Мартин подходит и, заглянув в ноты, хмыкает:

– Я почему-то так и думал, что это будет что-то из Шуберта. Но эта вещь предполагает исполнение в четыре руки. Вы присоединитесь?

– О нет! – энергично протестует Вера. – Я уже почти два года не прикасалась к клавишам, да и с таким маникюром играть стыдно. Самое большее, на что я способна, – это переворачивать вам страницы.

– Что ж, тогда усаживайтесь поудобнее! – Мартин похлопывает по широкому бархатному сиденью слева от себя, открывает крышку и некоторое время внимательно вглядывается в клавир. – Петь я с вашего разрешения не буду. А вы, если почувствуете желание, не сдерживайтесь, пожалуйста!

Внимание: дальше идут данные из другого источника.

(* System 2 has exactly four fixed points, the double poles $p_{\varepsilon_1,\varepsilon_2}=((0,0,\varepsilon_11),(0,0,\varepsilon_21))$, $\varepsilon_1,\varepsilon_2\in\{+,-\}$. The fixed points $p_{+,+}$, $p_{-,+}$ and $p_{-,-}$ are non-degenerate of elliptic-elliptic type for all $t\in[0,1]$, while $p_{+,-}$ is non-degenerate of elliptic-elliptic type if $t<t^-$ or $t>t^+$, non-degenerate of focus-focus type if $t^-<t<t^+$, and degenerate if $t\in\{t^-,t^+\}$, where $$t^\pm=\frac{R_2}{2R_2+R_1\mp2\sqrt{R_1R_2}}.$$
   Context: Let $0<R_1<R_2$ and $t\in[0,1]$. On $M=S^2\times S^2$ with Cartesian coordinates $(x_i,y_i,z_i)$, $x_i^2+y_i^2+z_i^2=1$, and cylindrical coordinates $(\theta_i,z_i)$, $\theta_i=\arg(x_i+iy_i)$, System 2 is the $b$-integrable system with $Z=\{z_1=0\}$, $b$-symplectic form $\omega=R_1\frac{dz_1}{z_1}\wedge d\theta_1+R_2\,dz_2\wedge d\theta_2$ (in the local chart $(x_1,y_1,x_2,y_2)$ on $\{\varepsilon_1z_1>0,\varepsilon_2z_2>0\}$: $\omega=-\frac{R_1}{1-x_1^2-y_1^2}dx_1\wedge dy_1-\varepsilon_2\frac{R_2}{\sqrt{1-x_2^2-y_2^2}}dx_2\wedge dy_2$), and $L=R_1\log|z_1|+R_2z_2$, $H=(1-t)\log|z_1|+t(x_1x_2+y_1y_2+z_1z_2)$. A fixed point is a point where $dL=dH=0$. A fixed point $p$ with $\Omega$ the matrix of $\omega$ at $p$ is non-degenerate if $A_L=\Omega^{-1}d^2L(p)$, $A_H=\Omega^{-1}d^2H(p)$ span a Cartan subalgebra of $\mathfrak{sp}(4,\mathbb R)$; it is elliptic-elliptic if some combination $c_1A_L+c_2A_H$ has four distinct eigenvalues $\pm i\alpha,\pm i\beta$ ($\alpha\ne\beta$ nonzero reals) and focus-focus if such a combination has eigenvalues $\pm\alpha\pm i\beta$ with $\alpha,\beta$ nonzero reals. *)

theory Defs
  imports "HOL-Analysis.Analysis"
begin

type_synonym pt = "(real \<times> real \<times> real) \<times> (real \<times> real \<times> real)"

definition S2 :: "(real \<times> real \<times> real) set" where
  "S2 = {(x, y, z). x^2 + y^2 + z^2 = 1}"

definition Mspace :: "pt set" where
  "Mspace = S2 \<times> S2"

definition z1_of :: "pt \<Rightarrow> real" where
  "z1_of p = (case p of ((x1, y1, z1), (x2, y2, z2)) \<Rightarrow> z1)"

text \<open>The integrable system L, H (on M minus Z = {z1 = 0}).\<close>
definition Lfun :: "real \<Rightarrow> real \<Rightarrow> pt \<Rightarrow> real" where
  "Lfun R1 R2 p = (case p of ((x1, y1, z1), (x2, y2, z2)) \<Rightarrow> R1 * ln \<bar>z1\<bar> + R2 * z2)"

definition Hfun :: "real \<Rightarrow> pt \<Rightarrow> real" where
  "Hfun t p = (case p of ((x1, y1, z1), (x2, y2, z2)) \<Rightarrow>
      (1 - t) * ln \<bar>z1\<bar> + t * (x1 * x2 + y1 * y2 + z1 * z2))"

definition is_fixed_point :: "real \<Rightarrow> real \<Rightarrow> real \<Rightarrow> pt \<Rightarrow> bool" where
  "is_fixed_point R1 R2 t p \<longleftrightarrow>
     p \<in> Mspace \<and> z1_of p \<noteq> 0 \<and>
     (Lfun R1 R2 has_derivative (\<lambda>_. 0)) (at p within Mspace) \<and>
     (Hfun t has_derivative (\<lambda>_. 0)) (at p within Mspace)"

Вера пристраивается рядом с Мартином. От соприкосновения с его бедром по телу ее разбегаются горячие мурашки. Вера искоса смотрит на Мартина, но тот, похоже, ничего этакого не ощущает. «Видимо, это оттого, что женская материя много тоньше мужской», – нервно шутит она про себя.

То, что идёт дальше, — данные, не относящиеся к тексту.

(* Assume (A1) and (A4). Let $\alpha\in\mathbb R\setminus\{1\}$, $\eta>0$, $\kappa$ with $(\alpha-1)\kappa\ge0$, $\kappa'\in\mathbb R$, and let $\mu\in\mathcal M_1(\mathsf T)$ satisfy $\Psi_\alpha(\mu)<\infty$ and $0<\mu\Big(\exp\Big(-\eta\frac{b_{\mu,\alpha}+1/(\alpha-1)}{(\alpha-1)(\mu(b_{\mu,\alpha})+\kappa)+1}\Big)\Big)<\infty$. Then (i) $\Psi_\alpha(\mathcal I^{AR}_\alpha(\mu))\le\Psi_\alpha(\mu)$; (ii) $\Psi_\alpha(\mathcal I^{AR}_\alpha(\mu))=\Psi_\alpha(\mu)$ if and only if $\mathcal I^{AR}_\alpha(\mu)=\mu$.
   Context: Let $(\mathsf Y,\mathcal Y,\nu)$ be a measure space with $\nu$ $\sigma$-finite, $(\mathsf T,\mathcal T)$ a measurable space, $\mathcal M_1(\mathsf T)$ its probability measures. Let $k:\mathsf T\times\mathsf Y\to[0,\infty)$ be measurable with $\int k(\theta,y)\nu(dy)=1$, $p$ measurable positive on $\mathsf Y$; $\mu k(y)=\int\mu(d\theta)k(\theta,y)$, $\mu(g)=\int g\,d\mu$. $f_0(u)=u-1-\log u$, $f_\alpha(u)=\frac{1}{\alpha(\alpha-1)}[u^\alpha-1-\alpha(u-1)]$ for $\alpha\notin\{0,1\}$, $f_\alpha'(u)=\frac{u^{\alpha-1}-1}{\alpha-1}$; $\Psi_\alpha(\mu)=\int f_\alpha(\mu k/p)p\,d\nu$; $b_{\mu,\alpha}(\theta)=\int k(\theta,y)f_\alpha'(\mu k(y)/p(y))\nu(dy)$. Assumption (A1): $k>0$, $p>0$ everywhere and $\int p\,d\nu<\infty$. Renyi Descent transition: $\mathcal I^{AR}_\alpha(\mu)(d\theta)=\frac{\mu(d\theta)\exp[-\eta\, b_{\mu,\alpha}(\theta)/((\alpha-1)(\mu(b_{\mu,\alpha})+\kappa)+1)]}{\mu(\exp[-\eta\, b_{\mu,\alpha}/((\alpha-1)(\mu(b_{\mu,\alpha})+\kappa)+1)])}$. $D^{AR}$ is an interval of $\mathbb R$ such that for all $\theta\in\mathsf T$, $\mu\in\mathcal M_1(\mathsf T)$, both $\frac{b_{\mu,\alpha}(\theta)+1/(\alpha-1)}{(\alpha-1)(\mu(b_{\mu,\alpha})+\kappa)+1}+\kappa'$ and $\frac{\mu(b_{\mu,\alpha})+1/(\alpha-1)}{(\alpha-1)(\mu(b_{\mu,\alpha})+\kappa)+1}+\kappa'$ lie in $D^{AR}$. Assumption (A4): $1-\eta(\alpha-1)(v-\kappa')\ge0$ for all $v\in D^{AR}$. *)

theory Defs
  imports "HOL-Probability.Probability"
begin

Мартин набирает полную грудь воздуха и на выдохе осторожно, как в горячее молоко, окунает кончики пальцев в слоновую кость клавиатуры.

Сперва Вера наблюдает за его руками – он держит кисти плоско и вольно, слегка наклонив к мизинцам, то мягко и нежно поглаживая клавиши, то требовательно теребя их, то снова успокаивающе лаская, – и Вера завидует клавишам. В переворачивании листов нет никакой необходимости, Мартин уверенно играет по памяти, прикрыв глаза, и Вера вдруг спохватывается, что совершенно не слушает музыку, и тоже закрывает глаза и пытается сосредоточиться на звуках. Это дается ей с трудом, ибо Мартин то и дело легко касается локтем ее плеча, отчего у Веры каждый раз прерывается дыхание и электрическая лава тяжело выплескивается из сердца. В один из пассажей, когда левая рука Мартина спускается низко в басы и ненароком задевает грудь Веры, она вдруг обхватывает его шею и жарко шепчет в самое ухо:

– Ты сказал, чтобы я не сдерживалась, если почувствую желание!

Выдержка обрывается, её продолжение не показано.